▶ **To do**
Find the line in the material below that contains "nat \<Rightarrow> 'g::group_add", then give it again, with all later lines, exactly as shown.

::::::::

(* In the setting described in the context, $$\{y\in Y: |\phi_f^{-1}(\phi_f(y))\cap Y|>1\}=\varphi(Z).$$
   Context: Standing setting: $\Gamma$ countably infinite group, $n\in\mathbb N$, $\mathbb Z\Gamma$ its integral group ring (product $(fg)_t=\sum_sf_{ts^{-1}}g_s$, involution $(f^* )_s=f_{s^{-1}}$, for matrices $(f^* )^{(km)}=(f^{(mk)})^*$). $f=M-g\in M_n(\mathbb Z\Gamma)$ where $M=\mathrm{diag}(M_1,\dots,M_n)$ with positive integers $M_k$, $g=(g^{(km)})\in M_n(\mathbb Z\Gamma)$, $M_k>L_k:=\sum_{m\in[n]}\|g^{(km)}\|_1$ for all $k$, and there is a subsemigroup $P\subseteq\Gamma\setminus\{e_\Gamma\}$ containing $\mathrm{supp}(g^{(km)})$ for all $k,m$. Then $f$ is invertible in $M_n(\ell^1_{\mathbb R}(\Gamma))$. Put $\bar M=\max_kM_k$, $S_f=\prod_k\{0,\dots,M_k-1\}$, $Y=S_f^\Gamma$. Elements of $(\mathbb Z^n)^\Gamma$ are row vectors with entries $y_{s,k}$; products with matrices: $(yF)_m=\sum_ky_kF^{(km)}$ with convolution. $\|(f^* )^{-1}\|_{1,\infty}=\max_m\sum_k\|((f^* )^{-1})^{(km)}\|_1$. $\phi_f(y)=\pi(y(f^* )^{-1})$ where $\pi:(\mathbb R^\Gamma)^n\to((\mathbb R/\mathbb Z)^\Gamma)^n$ is the quotient map. Fix an integer $N\ge\bar M\|(f^* )^{-1}\|_{1,\infty}$, let $W=(\{-N,\dots,N\}^\Gamma)^n$, $V=W\setminus\{0\}$, $Z=\{(y,c)\in Y\times V: y+cf^*\in Y\}$, and $\varphi:Y\times V\to Y$ the projection. *)

theory Defs
  imports "HOL-Analysis.Analysis"
begin

(* The group Gamma is a type 'g of class group_add (NOT assumed commutative),
   written additively: identity 0, s^{-1} = -s, t s^{-1} = t - s.
   Matrices are functions nat => nat => ('g => _) indexed by k,m < n.
   Row vectors in (Z^n)^Gamma are functions 'g => nat => int, coordinate k < n,
   and 0 for k >= n. *)

definition supp :: "('g \<Rightarrow> 'a::zero) \<Rightarrow> 'g set" where
  "supp h = {s. h s \<noteq> 0}"

definition norm1_int :: "('g \<Rightarrow> int) \<Rightarrow> int" where
  "norm1_int h = (\<Sum>s\<in>supp h. \<bar>h s\<bar>)"

definition is_l1 :: "('g \<Rightarrow> real) \<Rightarrow> bool" where
  "is_l1 h \<longleftrightarrow> (\<lambda>s. \<bar>h s\<bar>) summable_on UNIV"

definition norm1 :: "('g \<Rightarrow> real) \<Rightarrow> real" where
  "norm1 h = (\<Sum>\<^sub>\<infinity>s. \<bar>h s\<bar>)"

definition conv :: "('g::group_add \<Rightarrow> real) \<Rightarrow> ('g \<Rightarrow> real) \<Rightarrow> 'g \<Rightarrow> real" where
  "conv a b t = (\<Sum>\<^sub>\<infinity>s. a (t - s) * b s)"

definition conv_int :: "('g::group_add \<Rightarrow> int) \<Rightarrow> ('g \<Rightarrow> int) \<Rightarrow> 'g \<Rightarrow> int" where
  "conv_int a b t = (\<Sum>s\<in>supp b. a (t - s) * b s)"

definition star :: "('g::group_add \<Rightarrow> 'a) \<Rightarrow> 'g \<Rightarrow> 'a" where
  "star h s = h (- s)"

definition mat_star :: "(nat \<Rightarrow> nat \<Rightarrow> 'g::group_add \<Rightarrow> 'a) \<Rightarrow> nat \<Rightarrow> nat \<Rightarrow> 'g \<Rightarrow> 'a" where
  "mat_star A k m = star (A m k)"

definition fmat :: "(nat \<Rightarrow> int) \<Rightarrow> (nat \<Rightarrow> nat \<Rightarrow> 'g::zero \<Rightarrow> int) \<Rightarrow> nat \<Rightarrow> nat \<Rightarrow> 'g \<Rightarrow> int" where
  "fmat M g k m s = (if k = m \<and> s = 0 then M k else 0) - g k m s"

::::::::

▶ **Answer space**
definition mat_star :: "(nat \<Rightarrow> nat \<Rightarrow> 'g::group_add \<Rightarrow> 'a) \<Rightarrow> nat \<Rightarrow> nat \<Rightarrow> 'g \<Rightarrow> 'a" where
  "mat_star A k m = star (A m k)"

definition fmat :: "(nat \<Rightarrow> int) \<Rightarrow> (nat \<Rightarrow> nat \<Rightarrow> 'g::zero \<Rightarrow> int) \<Rightarrow> nat \<Rightarrow> nat \<Rightarrow> 'g \<Rightarrow> int" where
  "fmat M g k m s = (if k = m \<and> s = 0 then M k else 0) - g k m s"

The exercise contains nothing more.